**WHAT IS EXPECTED:**
Which lines of the records below contain the word "with"? Copy each of them out.

── RECORDS FOR THIS EXERCISE ──

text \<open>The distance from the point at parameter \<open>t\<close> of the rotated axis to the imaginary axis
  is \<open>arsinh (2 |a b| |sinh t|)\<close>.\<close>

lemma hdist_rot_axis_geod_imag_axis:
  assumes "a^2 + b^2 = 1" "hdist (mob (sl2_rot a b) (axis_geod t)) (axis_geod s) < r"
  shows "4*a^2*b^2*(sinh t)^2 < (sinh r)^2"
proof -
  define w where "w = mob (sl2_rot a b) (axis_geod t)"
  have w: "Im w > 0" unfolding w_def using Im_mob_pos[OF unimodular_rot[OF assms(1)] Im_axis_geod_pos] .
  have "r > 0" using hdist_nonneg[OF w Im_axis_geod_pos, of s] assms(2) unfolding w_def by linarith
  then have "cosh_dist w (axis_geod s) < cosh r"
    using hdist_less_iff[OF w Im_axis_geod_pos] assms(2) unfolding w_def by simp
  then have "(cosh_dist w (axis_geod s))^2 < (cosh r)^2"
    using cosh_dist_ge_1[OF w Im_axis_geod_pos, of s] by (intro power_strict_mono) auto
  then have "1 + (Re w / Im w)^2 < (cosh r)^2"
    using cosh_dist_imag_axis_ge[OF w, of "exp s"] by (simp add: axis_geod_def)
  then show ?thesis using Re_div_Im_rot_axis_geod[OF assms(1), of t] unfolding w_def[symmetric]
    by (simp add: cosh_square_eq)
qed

───
── RECORDS FOR THIS EXERCISE ──

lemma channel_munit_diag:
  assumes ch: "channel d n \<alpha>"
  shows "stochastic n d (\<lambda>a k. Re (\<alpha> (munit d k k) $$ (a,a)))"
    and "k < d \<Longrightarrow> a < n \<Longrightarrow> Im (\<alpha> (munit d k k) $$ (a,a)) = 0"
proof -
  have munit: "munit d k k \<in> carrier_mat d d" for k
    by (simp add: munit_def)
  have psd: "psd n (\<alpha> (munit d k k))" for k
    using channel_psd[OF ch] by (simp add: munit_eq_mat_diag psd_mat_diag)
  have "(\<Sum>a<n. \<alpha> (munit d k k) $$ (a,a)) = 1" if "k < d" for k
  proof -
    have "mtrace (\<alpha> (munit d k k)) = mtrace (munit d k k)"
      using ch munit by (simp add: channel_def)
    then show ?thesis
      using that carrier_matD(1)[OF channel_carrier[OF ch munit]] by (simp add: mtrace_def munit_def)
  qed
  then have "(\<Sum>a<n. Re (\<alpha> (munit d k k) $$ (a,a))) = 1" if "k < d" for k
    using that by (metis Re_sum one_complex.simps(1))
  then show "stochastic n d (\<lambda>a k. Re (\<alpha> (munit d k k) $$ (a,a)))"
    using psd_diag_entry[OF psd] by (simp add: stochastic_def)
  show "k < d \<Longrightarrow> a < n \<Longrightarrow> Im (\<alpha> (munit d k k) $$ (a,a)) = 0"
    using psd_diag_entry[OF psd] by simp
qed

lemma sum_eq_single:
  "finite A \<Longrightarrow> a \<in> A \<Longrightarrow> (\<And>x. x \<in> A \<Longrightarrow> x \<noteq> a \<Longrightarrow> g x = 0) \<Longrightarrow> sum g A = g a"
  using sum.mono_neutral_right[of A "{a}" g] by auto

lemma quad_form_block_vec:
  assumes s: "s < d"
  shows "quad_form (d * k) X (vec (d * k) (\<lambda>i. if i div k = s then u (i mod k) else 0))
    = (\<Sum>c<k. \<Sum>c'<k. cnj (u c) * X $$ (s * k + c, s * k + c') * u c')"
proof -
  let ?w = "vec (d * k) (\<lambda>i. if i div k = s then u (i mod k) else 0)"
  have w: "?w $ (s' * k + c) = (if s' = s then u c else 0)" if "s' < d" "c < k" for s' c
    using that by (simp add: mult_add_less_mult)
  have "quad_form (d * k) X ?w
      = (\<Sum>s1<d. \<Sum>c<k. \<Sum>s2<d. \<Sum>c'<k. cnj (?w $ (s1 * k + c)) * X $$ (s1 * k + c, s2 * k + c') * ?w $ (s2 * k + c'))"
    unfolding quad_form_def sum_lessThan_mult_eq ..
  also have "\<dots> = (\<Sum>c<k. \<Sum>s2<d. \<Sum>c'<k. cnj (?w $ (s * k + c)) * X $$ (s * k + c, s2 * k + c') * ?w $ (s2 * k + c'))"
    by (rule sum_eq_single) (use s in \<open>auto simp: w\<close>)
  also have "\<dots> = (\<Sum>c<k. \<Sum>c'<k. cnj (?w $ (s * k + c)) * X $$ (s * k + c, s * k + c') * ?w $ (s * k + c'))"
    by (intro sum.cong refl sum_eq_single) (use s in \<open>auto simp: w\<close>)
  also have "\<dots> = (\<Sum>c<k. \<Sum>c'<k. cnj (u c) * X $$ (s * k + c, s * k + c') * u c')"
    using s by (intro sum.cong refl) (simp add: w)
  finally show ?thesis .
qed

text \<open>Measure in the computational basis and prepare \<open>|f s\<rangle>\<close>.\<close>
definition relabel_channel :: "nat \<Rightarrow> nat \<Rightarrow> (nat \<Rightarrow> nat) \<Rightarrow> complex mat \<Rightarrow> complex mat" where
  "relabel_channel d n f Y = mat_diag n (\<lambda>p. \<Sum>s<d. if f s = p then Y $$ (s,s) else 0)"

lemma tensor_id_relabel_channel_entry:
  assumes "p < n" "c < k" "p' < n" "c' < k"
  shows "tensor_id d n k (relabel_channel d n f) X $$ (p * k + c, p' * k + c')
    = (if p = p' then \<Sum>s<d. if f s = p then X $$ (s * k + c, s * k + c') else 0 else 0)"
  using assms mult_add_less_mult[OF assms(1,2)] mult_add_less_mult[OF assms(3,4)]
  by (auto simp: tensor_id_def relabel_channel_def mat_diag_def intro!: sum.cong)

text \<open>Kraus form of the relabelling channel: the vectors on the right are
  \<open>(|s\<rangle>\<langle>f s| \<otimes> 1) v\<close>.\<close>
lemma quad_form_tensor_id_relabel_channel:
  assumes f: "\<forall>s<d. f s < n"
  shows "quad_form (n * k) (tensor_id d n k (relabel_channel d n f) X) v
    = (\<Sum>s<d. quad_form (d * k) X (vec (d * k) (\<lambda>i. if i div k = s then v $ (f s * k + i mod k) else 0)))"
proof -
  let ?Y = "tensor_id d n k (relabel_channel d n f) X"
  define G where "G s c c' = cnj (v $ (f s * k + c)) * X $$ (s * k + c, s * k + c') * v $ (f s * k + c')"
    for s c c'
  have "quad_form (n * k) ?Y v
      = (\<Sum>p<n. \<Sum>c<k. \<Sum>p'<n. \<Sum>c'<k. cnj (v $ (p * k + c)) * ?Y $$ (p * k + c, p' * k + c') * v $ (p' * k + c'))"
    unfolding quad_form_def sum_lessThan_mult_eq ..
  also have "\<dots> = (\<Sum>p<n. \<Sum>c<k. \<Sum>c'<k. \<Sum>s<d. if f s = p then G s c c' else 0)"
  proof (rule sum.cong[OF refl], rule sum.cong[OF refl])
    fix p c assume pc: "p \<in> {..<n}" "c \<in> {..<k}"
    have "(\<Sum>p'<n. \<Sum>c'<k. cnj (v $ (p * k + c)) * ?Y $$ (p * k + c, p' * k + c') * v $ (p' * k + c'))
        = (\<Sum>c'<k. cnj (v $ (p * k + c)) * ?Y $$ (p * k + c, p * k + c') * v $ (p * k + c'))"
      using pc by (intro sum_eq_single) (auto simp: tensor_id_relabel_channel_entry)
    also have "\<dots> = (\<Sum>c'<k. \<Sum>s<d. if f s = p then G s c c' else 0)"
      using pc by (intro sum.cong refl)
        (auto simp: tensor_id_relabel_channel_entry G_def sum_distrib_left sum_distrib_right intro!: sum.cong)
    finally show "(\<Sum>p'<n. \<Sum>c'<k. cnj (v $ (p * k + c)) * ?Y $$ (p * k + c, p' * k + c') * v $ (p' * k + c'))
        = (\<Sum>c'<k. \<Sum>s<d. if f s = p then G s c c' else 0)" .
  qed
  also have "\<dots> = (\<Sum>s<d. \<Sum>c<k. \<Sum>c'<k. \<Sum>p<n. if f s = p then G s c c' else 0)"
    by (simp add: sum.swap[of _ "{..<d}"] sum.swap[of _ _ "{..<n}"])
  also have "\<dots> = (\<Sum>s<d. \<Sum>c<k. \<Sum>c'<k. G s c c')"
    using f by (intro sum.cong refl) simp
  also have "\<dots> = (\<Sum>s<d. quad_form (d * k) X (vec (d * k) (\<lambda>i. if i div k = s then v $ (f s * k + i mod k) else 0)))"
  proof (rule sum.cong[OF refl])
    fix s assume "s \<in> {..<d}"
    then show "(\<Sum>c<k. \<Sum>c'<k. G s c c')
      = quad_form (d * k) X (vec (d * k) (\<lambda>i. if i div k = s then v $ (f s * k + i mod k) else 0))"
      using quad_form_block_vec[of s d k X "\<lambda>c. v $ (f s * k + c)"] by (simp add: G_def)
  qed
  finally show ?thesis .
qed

───
── RECORDS FOR THIS EXERCISE ──

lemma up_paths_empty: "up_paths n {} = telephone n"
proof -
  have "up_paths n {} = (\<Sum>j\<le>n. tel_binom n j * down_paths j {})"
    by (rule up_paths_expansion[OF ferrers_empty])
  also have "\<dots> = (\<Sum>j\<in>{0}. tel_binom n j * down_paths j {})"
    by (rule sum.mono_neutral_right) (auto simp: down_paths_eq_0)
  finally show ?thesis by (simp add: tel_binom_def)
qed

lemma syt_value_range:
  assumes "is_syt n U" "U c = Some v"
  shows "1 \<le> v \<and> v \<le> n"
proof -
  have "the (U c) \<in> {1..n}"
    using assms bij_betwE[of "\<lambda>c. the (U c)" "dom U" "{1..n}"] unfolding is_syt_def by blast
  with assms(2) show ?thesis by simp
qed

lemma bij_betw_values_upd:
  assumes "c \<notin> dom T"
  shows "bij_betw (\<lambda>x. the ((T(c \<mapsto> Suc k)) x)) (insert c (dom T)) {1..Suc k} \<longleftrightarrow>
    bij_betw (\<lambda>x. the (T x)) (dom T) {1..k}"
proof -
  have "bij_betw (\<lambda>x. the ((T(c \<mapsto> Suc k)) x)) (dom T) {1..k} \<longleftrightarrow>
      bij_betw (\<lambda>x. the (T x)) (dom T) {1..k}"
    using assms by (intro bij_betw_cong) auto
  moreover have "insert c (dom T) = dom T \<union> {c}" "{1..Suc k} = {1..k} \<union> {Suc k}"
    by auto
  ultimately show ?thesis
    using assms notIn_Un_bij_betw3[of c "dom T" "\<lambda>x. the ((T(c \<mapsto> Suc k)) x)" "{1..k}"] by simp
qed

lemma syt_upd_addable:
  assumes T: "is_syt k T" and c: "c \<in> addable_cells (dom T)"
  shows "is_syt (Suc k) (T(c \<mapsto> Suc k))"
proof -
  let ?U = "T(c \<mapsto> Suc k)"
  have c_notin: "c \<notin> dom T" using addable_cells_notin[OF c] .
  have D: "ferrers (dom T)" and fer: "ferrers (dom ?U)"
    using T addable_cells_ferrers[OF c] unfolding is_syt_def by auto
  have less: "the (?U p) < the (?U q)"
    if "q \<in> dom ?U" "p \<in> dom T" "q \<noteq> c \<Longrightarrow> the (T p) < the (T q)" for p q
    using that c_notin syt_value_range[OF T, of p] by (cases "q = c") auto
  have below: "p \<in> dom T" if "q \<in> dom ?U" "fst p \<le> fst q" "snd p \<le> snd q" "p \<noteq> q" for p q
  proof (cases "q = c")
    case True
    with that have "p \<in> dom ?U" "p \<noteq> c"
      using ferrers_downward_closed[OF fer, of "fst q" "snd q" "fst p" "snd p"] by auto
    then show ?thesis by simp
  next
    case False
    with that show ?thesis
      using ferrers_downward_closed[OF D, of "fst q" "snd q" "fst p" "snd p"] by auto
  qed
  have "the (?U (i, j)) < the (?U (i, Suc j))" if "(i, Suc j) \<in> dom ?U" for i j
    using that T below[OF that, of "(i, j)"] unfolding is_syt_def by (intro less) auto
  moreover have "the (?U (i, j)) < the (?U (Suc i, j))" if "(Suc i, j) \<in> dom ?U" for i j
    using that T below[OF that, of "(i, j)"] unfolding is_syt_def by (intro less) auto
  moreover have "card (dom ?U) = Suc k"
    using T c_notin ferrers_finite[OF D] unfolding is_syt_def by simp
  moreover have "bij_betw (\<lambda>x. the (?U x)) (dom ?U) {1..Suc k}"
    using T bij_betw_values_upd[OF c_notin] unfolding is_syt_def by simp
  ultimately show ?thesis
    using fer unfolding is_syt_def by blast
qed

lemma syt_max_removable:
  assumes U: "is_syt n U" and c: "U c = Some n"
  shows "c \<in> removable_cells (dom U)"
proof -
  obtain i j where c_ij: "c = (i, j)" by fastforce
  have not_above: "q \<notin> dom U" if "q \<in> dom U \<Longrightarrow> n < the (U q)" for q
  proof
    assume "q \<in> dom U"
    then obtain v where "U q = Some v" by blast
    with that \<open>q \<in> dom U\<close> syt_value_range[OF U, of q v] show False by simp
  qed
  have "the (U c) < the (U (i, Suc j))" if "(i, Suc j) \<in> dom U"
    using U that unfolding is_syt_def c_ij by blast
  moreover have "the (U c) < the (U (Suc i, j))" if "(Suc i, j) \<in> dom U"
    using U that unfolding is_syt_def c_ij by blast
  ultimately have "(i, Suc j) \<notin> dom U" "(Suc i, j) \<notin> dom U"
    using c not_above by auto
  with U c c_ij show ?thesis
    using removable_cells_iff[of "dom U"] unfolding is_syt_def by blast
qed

───

**TASK ANSWER:**
  with assms(2) show ?thesis by simp
    with that have "p \<in> dom ?U" "p \<noteq> c"
    with that show ?thesis
    with that \<open>q \<in> dom U\<close> syt_value_range[OF U, of q v] show False by simp
  with U c c_ij show ?thesis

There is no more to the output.